As previously disclosed, on September 26, 2017, LE and Blue Dolphin, together with their affiliates Lazarus Energy Holdings, LLC and Jonathan Carroll (collectively, the “Lazarus Parties”), entered into a Letter Agreement with GEL, effective September 18, 2017 (as amended, the “Letter Agreement”), confirming the parties’ agreement to the continuation of the hearing on confirmation of the Final Award (the “District Court Action”) for a period of no more than 90 days after September 18, 2017 (the “Continuance Period”), subject to the terms of the Letter Agreement, to facilitate settlement discussions between the parties.

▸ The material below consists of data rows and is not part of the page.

theorem mainTheorem11:
  fixes C :: coding and Vl B :: fml
  assumes "good_coding C" and "defines_val Vl" and "defines_BP B"
  shows "(\<forall>\<phi> \<Gamma> \<Delta>. sentence \<phi> \<and> finite \<Gamma> \<and> finite \<Delta> \<and> (\<forall>\<chi>\<in>\<Gamma> \<union> \<Delta>. sentence \<chi>)
            \<and> TP C Vl B \<Gamma> (insert (FP (quote \<phi>)) \<Delta>)
          \<longrightarrow> TP C Vl B (insert (FT (quote (FOr \<phi> (neg \<phi>)))) \<Gamma>) \<Delta>)
       \<and> (\<forall>t. fvt t = {} \<and> is_fcode (evalt (\<lambda>_. 0) t) \<and> sentence (dec_f (evalt (\<lambda>_. 0) t))
          \<longrightarrow> TP C Vl B {FP t} {FNP (quote (FP (num (evalt (\<lambda>_. 0) t))))}
            \<and> TP C Vl B {FNP t} {FNP (quote (neg (FP (num (evalt (\<lambda>_. 0) t)))))})"
proof (intro conjI allI impI)
  fix \<phi> \<Gamma> \<Delta>
  assume "sentence \<phi> \<and> finite \<Gamma> \<and> finite \<Delta> \<and> (\<forall>\<chi>\<in>\<Gamma> \<union> \<Delta>. sentence \<chi>)
    \<and> TP C Vl B \<Gamma> (insert (FP (quote \<phi>)) \<Delta>)"
  then show "TP C Vl B (insert (FT (quote (FOr \<phi> (neg \<phi>)))) \<Gamma>) \<Delta>"
    by (blast intro: TP_P_right_imp_T_excluded_middle_left[OF assms(1)])
next
  fix t
  assume "fvt t = {} \<and> is_fcode (evalt (\<lambda>_. 0) t) \<and> sentence (dec_f (evalt (\<lambda>_. 0) t))"
  then have "denotes_sentence t"
    unfolding denotes_sentence_def .
  from TP_P_literals_not_paradoxical[OF assms(1) this]
  show "TP C Vl B {FP t} {FNP (quote (FP (num (evalt (\<lambda>_. 0) t))))}"
    and "TP C Vl B {FNP t} {FNP (quote (neg (FP (num (evalt (\<lambda>_. 0) t)))))}" .
qed

end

In connection with execution of the Letter Agreement, GEL received $3,648,742, which amount was applied to reduce Final Award. The Letter Agreement was subsequently amended nine times to extend the Continuation Period through and including July 31, 2018. In connection with the Letter Agreement amendments, LE paid to GEL an additional aggregate amount of $3,500,000 (the “Continuance Payments”), which was applied to reduce the balance of the Final Award. During the Continuance Period, the parties engaged in negotiations over the terms of a potential settlement.
On July 20, 2018, GEL and the Lazarus Parties, along with affiliates of the Lazarus Parties, Nixon Product Storage, LLC, a wholly owned subsidiary of Blue Dolphin (“NPS”), and Carroll & Company Financial Holdings, L.P. (“C&C”), entered into a Settlement Agreement (the “Settlement Agreement”) whereby GEL and the Lazarus Parties agreed to mutually release all claims against each other and to file a stipulation of dismissal with prejudice in connection with the Arbitration (the “Settlement”), subject to the terms and conditions set forth in the Settlement Agreement.
The Settlement is conditioned upon payment by the Lazarus Parties to GEL of $10,000,000 in cash (the “Settlement Payment”) and $500,000 in cash at the end of each calendar month until the Settlement Payment is paid (the “Interim Payments”) or the Settlement Agreement is terminated. The Interim Payments will not be applied to reduce the amount of the Settlement Payment, but will reduce the Final Award.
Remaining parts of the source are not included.